Data items:
(* Let $g\in\mathbb{F}_q[x]$ be monic squarefree of degree $d\ge1$ and $\mathcal{H}_g=\{h/g: h\in\mathbb{F}_q[x],\ (h,g)=1,\ \deg h<d\}$. Then the map $f\mapsto\chi_f$ is a bijection from $\mathcal{H}_g$ onto the set of primitive Dirichlet characters $\chi$ modulo $g^2$ satisfying $\chi^p=1$ on $(\mathbb{F}_q[x]/g^2)^\times$. In particular each $\chi_f$, $f\in\mathcal H_g$, is even.
   Context: $p>2$ prime, $q$ a power of $p$, $\psi:\mathbb{F}_p\to\mathbb{C}^\times$ a nontrivial additive character, $\mathrm{tr}_{q/p}$ the trace $\mathbb{F}_q\to\mathbb{F}_p$. For $f=h/g\in\mathcal H_g$ and $c\in\mathbb{F}_q[x]$, $\chi_f(c)=\psi\big(\mathrm{tr}_{q/p}\sum_{c(\alpha)=0}f(\alpha)\big)$ if $(c,g)=1$ (sum over roots in $\overline{\mathbb{F}}_q$ with multiplicity), $\chi_f(c)=0$ otherwise; this is a Dirichlet character modulo $g^2$. A Dirichlet character modulo a monic $M$ is a character of $(\mathbb{F}_q[x]/M)^\times$ extended by $0$ to polynomials not coprime to $M$; it is primitive if there is no proper monic divisor $M_1$ of $M$ such that $\chi(a)$ depends only on $a\bmod M_1$ for $a$ coprime to $M$; it is even if $\chi(a)=1$ for all $a\in\mathbb{F}_q^\times$. *)

theory Defs
  imports Complex_Main "HOL-Algebra.Algebraic_Closure_Type"
    "HOL-Computational_Algebra.Squarefree"
begin

text \<open>The field F_q is a finite field type 'a; F_p is its prime subfield
  (the image of of_nat).  The exponent n with q = p^n.\<close>

definition fq_exp :: "'a::{field,finite} itself \<Rightarrow> nat" where
  "fq_exp _ = (THE n. card (UNIV :: 'a set) = CHAR('a) ^ n)"

definition trace_fq :: "'a::{field,finite} \<Rightarrow> 'a" where
  "trace_fq x = (\<Sum>i<fq_exp TYPE('a). x ^ (CHAR('a) ^ i))"

definition root_sum :: "'a::{field,finite} poly \<Rightarrow> 'a poly \<Rightarrow> 'a poly \<Rightarrow> 'a" where
  "root_sum h g c = of_ac
     (\<Sum>\<alpha>\<in>{\<alpha>. poly (map_poly to_ac c) \<alpha> = 0}.
        of_nat (order \<alpha> (map_poly to_ac c)) *
        (poly (map_poly to_ac h) \<alpha> / poly (map_poly to_ac g) \<alpha>))"
(* (i) Let $\beta(x)=(1+x)^{-1}$. There exist $s\ge1$, $n>s+1$, a probability distribution $(p_{ij})$ on $\mathcal{P}_n$ with $p_{ij}=p_{ji}>0$, initial data $Y_0\in(\mathbb{R}^s)^n$ and a constant $c>0$ such that the solution $Y(t)$ of the gradient flow of relative entropy with $Y(0)=Y_0$ satisfies $\operatorname{diam}Y(t)\ge c\,t^{1/4}$ for all $t\ge0$. (ii) Let $\beta(x)=e^{-x}$. There exist $s\ge1$, $n>s+1$, a probability distribution $(p_{ij})$ on $\mathcal{P}_n$ with $p_{ij}=p_{ji}>0$, initial data $Y_0\in(\mathbb{R}^s)^n$ and a constant $c>0$ such that the corresponding solution satisfies $\operatorname{diam}Y(t)\ge c$ for all $t\ge0$. (In both cases such examples exist with $n=3$, $s=1$.)
   Context: Standing setup. Fix integers $s\ge 1$ and $n>s+1$. Let $\mathcal{P}_n=\{(i,j): i,j\in\{1,\dots,n\},\ i\neq j\}$. Let $(p_{ij})_{i\neq j}$ be a probability distribution on $\mathcal{P}_n$ (so $\sum_{i\neq j}p_{ij}=1$) with $p_{ij}=p_{ji}>0$ for all $i\neq j$. Let $\beta:[0,\infty)\to(0,\infty)$ be a smooth decreasing function with $\sup_{x\ge 0}|(\log\beta)'(x)|<\infty$. For points $Y=(y_1,\dots,y_n)$ with $y_i\in\mathbb{R}^s$ define $q_{ij}=\beta(|y_i-y_j|^2)/\sum_{k\neq \ell}\beta(|y_k-y_\ell|^2)$ for $i\neq j$, and the relative entropy $\mathcal{C}(Y)=\sum_{i\neq j}p_{ij}\log(p_{ij}/q_{ij})$. The gradient flow of $\mathcal{C}$ is the ODE system $$\frac{dy_i}{dt}=4\sum_{j\neq i}(p_{ij}-q_{ij})(y_i-y_j)(\log\beta)'(|y_i-y_j|^2),\qquad i=1,\dots,n,$$ which, for any initial data $Y_0=Y(0)\in(\mathbb{R}^s)^n$, has a solution $Y(t)=(y_1(t),\dots,y_n(t))$ for all $t\ge0$. $\operatorname{diam}Y=\max_{i,j}|y_i-y_j|$. *)

theory Defs
  imports "HOL-Analysis.Analysis"
begin

text \<open>Points of R^s are functions nat => real, coordinates indexed by {1..s};
 configurations Y = (y_1,...,y_n) are functions nat => (nat => real), indices {1..n}.\<close>

definition sqd :: "nat \<Rightarrow> (nat \<Rightarrow> real) \<Rightarrow> (nat \<Rightarrow> real) \<Rightarrow> real" where
  "sqd s x y = (\<Sum>k\<in>{1..s}. (x k - y k)^2)"

definition pairs :: "nat \<Rightarrow> (nat \<times> nat) set" where
  "pairs n = {(i,j). i \<in> {1..n} \<and> j \<in> {1..n} \<and> i \<noteq> j}"

definition sym_pos_prob :: "nat \<Rightarrow> (nat \<Rightarrow> nat \<Rightarrow> real) \<Rightarrow> bool" where
  "sym_pos_prob n p \<longleftrightarrow>
     (\<forall>(i,j)\<in>pairs n. p i j = p j i \<and> p i j > 0) \<and> (\<Sum>(i,j)\<in>pairs n. p i j) = 1"

definition qaff :: "(real \<Rightarrow> real) \<Rightarrow> nat \<Rightarrow> nat \<Rightarrow> (nat \<Rightarrow> nat \<Rightarrow> real) \<Rightarrow> nat \<Rightarrow> nat \<Rightarrow> real" where
  "qaff \<beta> s n Y i j = \<beta> (sqd s (Y i) (Y j)) / (\<Sum>(k,l)\<in>pairs n. \<beta> (sqd s (Y k) (Y l)))"

text \<open>Right-hand side (k-th coordinate of dy_i/dt) of the gradient flow of relative entropy.\<close>
definition flow_rhs :: "(real \<Rightarrow> real) \<Rightarrow> nat \<Rightarrow> nat \<Rightarrow> (nat \<Rightarrow> nat \<Rightarrow> real)
    \<Rightarrow> (nat \<Rightarrow> nat \<Rightarrow> real) \<Rightarrow> nat \<Rightarrow> nat \<Rightarrow> real" where
  "flow_rhs \<beta> s n p Y i k = 4 * (\<Sum>j\<in>{1..n} - {i}.
      (p i j - qaff \<beta> s n Y i j) * (Y i k - Y j k) * deriv (\<lambda>x. ln (\<beta> x)) (sqd s (Y i) (Y j)))"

◆ **REQUIREMENT**
Tally the lines of the records that contain the word "functions" and state the total alone.

◆ **EXERCISE ANSWER**
2